Chipotle is going to great lengths to communicate that the company's performance on all of its digital initiatives will be a defining factor in the future success of the business.
— Erika Adams
Chipotle’s executive paychecks are being officially tied, in part, to the success of the company’s digital strategy over the next couple of years.
Under the incentive award, executives will receive additional shares in the company if certain performance criteria are met over two years.
Chipotle didn’t mince words in the description of the incentive award: the potential payout depends on the company’s future digital performance, a rare compensation benchmark for the restaurant industry that is under pressure to boost digital sales.
“The [Compensation] Committee believes that the strategic importance of gaining digital market share over the next three years warranted a one-time digital transformation award as further incentive for management to achieve the company’s digital goals,” a March proxy filing stated.
The Incentive Plan
In the company’s most recent 10-Q filing in April, the digital transformation award is spelled out in further detail.
Under the terms of the agreement, executives will receive extra compensation in the form of company shares based on their performance as it relates to the following three metrics: digital sales growth, managing general and administrative expenses as a percentage of revenue, and the successful completion of key strategic initiatives.
According to the award specifics, executives have to guide the company to an undisclosed set amount of annual digital sales revenue by the end of 2020, and it’s no coincidence that Chipotle breaks out its percentage of digital sales to investors each quarter to demonstrate incremental progress. In the first quarter of 2019, Chipotle reported $205 million in digital sales, double the amount earned in the same period last year. Sales across all digital channels currently account for 15.7 percent of total restaurant sales.
“For companies to do something special or supplemental to their regular compensation program, they know they are going to face significant amount of scrutiny,” said Kathryn Neel, a managing director at executive compensation consulting firm Semler Brossy. “So, they have to be able to explain to their shareholders the purpose of the award and the shareholders are going to look to see that what they are paying for — what the company is paying for — aligns with what the company says it needs to do to turn the business around.”
There is also a set amount of general and administrative expenses as a percentage of revenue that must be achieved in the same timeframe. In its first-quarter earnings release, Chipotle reported $103 million in general and administrative expenses, up 33 percent from the same period in 2018. The figure represents 7.8 percent of Chipotle’s total revenue earned in the quarter.
Aside from the direct financial metrics, executives must also contribute to the success of strategic company initiatives. This is defined as seeing through “the successful completion of two initiatives through the state gate process” by the end of 2020.
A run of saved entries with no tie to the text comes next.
definition lie_group ::
  "'g topology \<Rightarrow> ('g set \<times> ('g \<Rightarrow> 'c::euclidean_space)) set \<Rightarrow>
   ('g \<Rightarrow> 'g \<Rightarrow> 'g) \<Rightarrow> ('g \<Rightarrow> 'g) \<Rightarrow> 'g \<Rightarrow> bool" where
  "lie_group H AH mul ginv e \<longleftrightarrow>
     smooth_manifold H AH \<and> Hausdorff_space H \<and> second_countable H \<and>
     e \<in> topspace H \<and>
     (\<forall>g\<in>topspace H. \<forall>h\<in>topspace H. mul g h \<in> topspace H) \<and>
     (\<forall>g\<in>topspace H. \<forall>h\<in>topspace H. \<forall>k\<in>topspace H. mul (mul g h) k = mul g (mul h k)) \<and>
     (\<forall>g\<in>topspace H. mul e g = g \<and> mul g e = g) \<and>
     (\<forall>g\<in>topspace H. ginv g \<in> topspace H \<and> mul (ginv g) g = e \<and> mul g (ginv g) = e) \<and>
     smooth_map (prod_topology H H) (prod_atlas AH AH) H AH (\<lambda>(g,h). mul g h) \<and>
     smooth_map H AH H AH ginv"

definition smooth_action ::
  "'g topology \<Rightarrow> ('g set \<times> ('g \<Rightarrow> 'c::euclidean_space)) set \<Rightarrow>
   ('g \<Rightarrow> 'g \<Rightarrow> 'g) \<Rightarrow> 'g \<Rightarrow>
   'a topology \<Rightarrow> ('a set \<times> ('a \<Rightarrow> 'm::euclidean_space)) set \<Rightarrow> ('g \<Rightarrow> 'a \<Rightarrow> 'a) \<Rightarrow> bool" where
  "smooth_action H AH mul e M AM act \<longleftrightarrow>
     (\<forall>x\<in>topspace M. act e x = x) \<and>
     (\<forall>g\<in>topspace H. \<forall>h\<in>topspace H. \<forall>x\<in>topspace M. act (mul g h) x = act g (act h x)) \<and>
     smooth_map (prod_topology H M) (prod_atlas AH AM) M AM (\<lambda>(g,x). act g x)"

definition action_orbit_rel :: "'g topology \<Rightarrow> 'a topology \<Rightarrow> ('g \<Rightarrow> 'a \<Rightarrow> 'a) \<Rightarrow> ('a \<times> 'a) set" where
  "action_orbit_rel H M act = {(x, act g x) | x g. x \<in> topspace M \<and> g \<in> topspace H}"

end

theory Submission
  imports Defs
begin

text \<open>
  The orbits of G|_U are the G-orbits intersected with U, so the inclusion induces a bijection
  U/G|_U -> pi(U). The content is that the two diffeologies on pi(U) agree. A plot of G_0/G with
  values in pi(U) lifts near a point r to a plot q of G_0, and some arrow g joins q(r) to a point
  of U. The source map, being a submersion, has a smooth local section through g (by the inverse
  function theorem, whose local inverse is smooth because operator inversion is), so q lifts near
  r to a plot of arrows; following it by the target map gives a plot of U with the same orbits
  as q. For a group action the lift is simply the translate of q by a fixed group element.
\<close>

section \<open>Functions of class C^k\<close>

lemma ck_Suc_has_derivative:
  "ck (Suc k) S f \<Longrightarrow> x \<in> S \<Longrightarrow> (f has_derivative frechet_derivative f (at x)) (at x)"
  by (simp add: frechet_derivative_works)

lemma ck_Suc_derivative: "ck (Suc k) S f \<Longrightarrow> ck k S (\<lambda>x. frechet_derivative f (at x) v)"
  by simp

lemma ck_cong:
  assumes "open S" "\<And>x. x \<in> S \<Longrightarrow> f x = g x" "ck k S f"
  shows "ck k S g"
  using assms(2,3)
proof (induction k arbitrary: f g)
  case 0
  then show ?case using continuous_on_cong by (metis ck.simps(1))
next
  case (Suc k)
  have g': "(g has_derivative frechet_derivative f (at x)) (at x)" if "x \<in> S" for x
    using has_derivative_transform_within_open[OF ck_Suc_has_derivative[OF Suc.prems(2) that]
        assms(1) that] Suc.prems(1)
    by blast
  have "frechet_derivative g (at x) = frechet_derivative f (at x)" if "x \<in> S" for x
    using g'[OF that] frechet_derivative_at by metis
  then show ?case
    using Suc.prems g' Suc.IH[of "\<lambda>x. frechet_derivative f (at x) v" "\<lambda>x. frechet_derivative g (at x) v" for v]
    by (auto simp: differentiable_def)
qed

lemma ck_SucI:
  assumes "open S" "\<And>x. x \<in> S \<Longrightarrow> (f has_derivative f' x) (at x)" "\<And>v. ck k S (\<lambda>x. f' x v)"
  shows "ck (Suc k) S f"
proof -
  have "frechet_derivative f (at x) = f' x" if "x \<in> S" for x
    using assms(2)[OF that] frechet_derivative_at by metis
  then show ?thesis
    using assms ck_cong[OF assms(1), of "\<lambda>x. f' x v" "\<lambda>x. frechet_derivative f (at x) v" for v]
    by (auto simp: differentiable_def)
qed

lemma ck_Suc_imp_ck: "ck (Suc k) S f \<Longrightarrow> ck k S f"
proof (induction k arbitrary: f)
  case 0
  then show ?case
    by (auto intro!: continuous_at_imp_continuous_on differentiable_imp_continuous_within)
next
  case (Suc k)
  then show ?case by (metis ck.simps(2))
qed
lemma usl2_of_uminus: "usl2_of (- x) = - usl2_of x"
  unfolding uminus_usl2_def Rep_usl2_of by (simp add: cls_uminus usl2_of_def)

instance
proof
  fix u v w :: usl2
  show "u + v + w = u + (v + w)"
    by (induct u rule: usl2_of_induct, induct v rule: usl2_of_induct, induct w rule: usl2_of_induct)
       (simp add: usl2_of_add[symmetric] add.assoc)
  show "u + v = v + u"
    by (induct u rule: usl2_of_induct, induct v rule: usl2_of_induct)
       (simp add: usl2_of_add[symmetric] add.commute)
  show "0 + u = u"
    by (induct u rule: usl2_of_induct) (simp add: zero_usl2_def usl2_of_add[symmetric])
  show "- u + u = 0"
    by (induct u rule: usl2_of_induct)
       (simp add: zero_usl2_def usl2_of_add[symmetric] usl2_of_uminus[symmetric])
  show "u - v = u + - v"
    by (simp add: minus_usl2_def)
  show "u * v * w = u * (v * w)"
    by (induct u rule: usl2_of_induct, induct v rule: usl2_of_induct, induct w rule: usl2_of_induct)
       (simp add: usl2_of_mult[symmetric] mult.assoc)
  show "1 * u = u" "u * 1 = u"
    by (induct u rule: usl2_of_induct, simp add: one_usl2_def usl2_of_mult[symmetric])+
  show "(u + v) * w = u * w + v * w" "u * (v + w) = u * v + u * w"
    by (induct u rule: usl2_of_induct, induct v rule: usl2_of_induct, induct w rule: usl2_of_induct,
        simp add: usl2_of_mult[symmetric] usl2_of_add[symmetric] algebra_simps)+
  show "(0::usl2) \<noteq> 1"
    using cls_sl2_0_neq_1 by (metis Rep_usl2_of zero_usl2_def one_usl2_def)
qed
lemma sum_binomial_div_Suc_eq_geometric:
  fixes p :: real
  shows "(\<Sum>k\<in>{0..m}. real (m choose k) * p^k * (1-p)^(m-k) / real (k+1))
         = (\<Sum>j<Suc m. (1-p)^j) / real (Suc m)"
proof (cases "p = 0")
  case True
  have "(\<Sum>k\<in>{0..m}. real (m choose k) * p^k * (1-p)^(m-k) / real (k+1))
     = (\<Sum>k\<in>{0..m}. if k = 0 then 1 else 0)"
    by (rule sum.cong) (auto simp: True)
  then show ?thesis using True by simp
next
  case False
  have geometric: "p * (\<Sum>j<Suc m. (1-p)^j) = 1 - (1-p)^(Suc m)"
    using power_diff_1_eq[of "1-p" "Suc m"] by (simp add: algebra_simps)
  have "p * real (Suc m) * (\<Sum>k\<in>{0..m}. real (m choose k) * p^k * (1-p)^(m-k) / real (k+1))
      = p * real (Suc m) * ((\<Sum>j<Suc m. (1-p)^j) / real (Suc m))"
    using sum_binomial_div_Suc_mult[of p m] geometric by simp
  then have "real (Suc m) * (\<Sum>k\<in>{0..m}. real (m choose k) * p^k * (1-p)^(m-k) / real (k+1))
      = (\<Sum>j<Suc m. (1-p)^j)"
    using False by (simp del: of_nat_Suc sum.lessThan_Suc)
  then show ?thesis by (simp add: field_simps del: of_nat_Suc sum.lessThan_Suc)
qed

lemma Phi_eq_geometric:
  assumes "1 \<le> n"
  shows "Phi n F q c = q * (\<Sum>j<n. (1 - q * F c)^j) / real n"
proof -
  obtain m where "n = Suc m" using assms by (cases n) auto
  then show ?thesis
    unfolding Phi_def Let_def using sum_binomial_div_Suc_eq_geometric[of m "q * F c"] by simp
qed

lemma Phi_bounds:
  assumes "1 \<le> n" "0 \<le> q" "q \<le> 1" "0 \<le> F c" "F c \<le> 1"
  shows "0 \<le> Phi n F q c \<and> Phi n F q c \<le> q"
proof -
  have p: "0 \<le> 1 - q * F c" "1 - q * F c \<le> 1" using assms by (auto simp: mult_le_one)
  have "(\<Sum>j<n. (1 - q * F c)^j) \<le> (\<Sum>j<n. 1)"
    by (rule sum_mono) (use p in \<open>auto intro: power_le_one\<close>)
  moreover have "0 \<le> (\<Sum>j<n. (1 - q * F c)^j)" using p by (auto intro: sum_nonneg)
  ultimately show ?thesis unfolding Phi_eq_geometric[OF assms(1)] using assms
    by (auto simp: divide_le_eq mult_left_mono intro!: divide_nonneg_nonneg)
qed

lemma antimono_Phi:
  assumes "1 \<le> n" "0 \<le> q" "q \<le> 1" "mono F" "\<And>c. 0 \<le> F c \<and> F c \<le> 1"
  shows "antimono (Phi n F q)"
proof
  fix x y :: real
  assume "x \<le> y"
  with \<open>mono F\<close> have "F x \<le> F y" by (rule monoD)
  have "(\<Sum>j<n. (1 - q * F y)^j) \<le> (\<Sum>j<n. (1 - q * F x)^j)"
  proof (rule sum_mono, rule power_mono)
    show "1 - q * F y \<le> 1 - q * F x" using \<open>F x \<le> F y\<close> assms by (simp add: mult_left_mono)
    show "0 \<le> 1 - q * F y" using assms mult_le_one[of q "F y"] by fastforce
  qed
  then show "Phi n F q y \<le> Phi n F q x" unfolding Phi_eq_geometric[OF assms(1)] using assms
    by (simp add: divide_right_mono mult_left_mono)
qed

lemma continuous_on_Phi:
  assumes "continuous_on UNIV F"
  shows "continuous_on UNIV (Phi n F q)"
  unfolding Phi_def[abs_def] Let_def by (intro continuous_intros assms) auto

lemma continuous_on_Psi:
  assumes "continuous_on UNIV F"
  shows "continuous_on UNIV (Psi n F L mu q v K va qa)"
  unfolding Psi_def[abs_def] by (intro continuous_intros continuous_on_Phi assms)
The stage gate process is Chipotle’s term for market testing. The company established the new process last year, with intent to use it to test everything from new menu additions to digital drive-thru lanes to the implementation of the company’s new digital loyalty program, which completed the stage gate process and went to a national launch in March.
Executives at the company could receive above target payouts of up to 300 percent depending on if certain undisclosed digital sales goals are exceeded. The participants have to stay with Chipotle until early 2023 at the earliest to see the full potential award realized.
Over the past 12 months, Chipotle’s stock has posted gains of over 120 percent. Since CEO Brian Niccol joined the company in February 2018, Chipotle’s stock has gone from around $315 per share to upwards of $700 per share at its peak.
“For the avoidance of doubt, all three goals outlined above must be achieved for the performance goals to be deemed satisfied,” the filing stated. “If any of the goals is not achieved, the performance goals will not be met and no performance shares will be earned.”
A Significant Shift
Chipotle is going to great lengths to communicate both internally and externally that the company’s performance on all of its digital initiatives — delivery, online ordering, and catering — will be a defining factor in the future success of the business.
While it’s rare to see digital strategies explicitly spelled out in incentive plans for food and beverage companies, Neel noted that she’s previously seen language spelling out digital benchmarks in executive compensation programs in the retail industry.
“What was interesting to see was those who did it and those who didn’t [in retail],” Neel said. “Those who did it at the time, they got it. They understood what they needed to do. To me, it indicated a company that really got it and understood how important it was going to be.”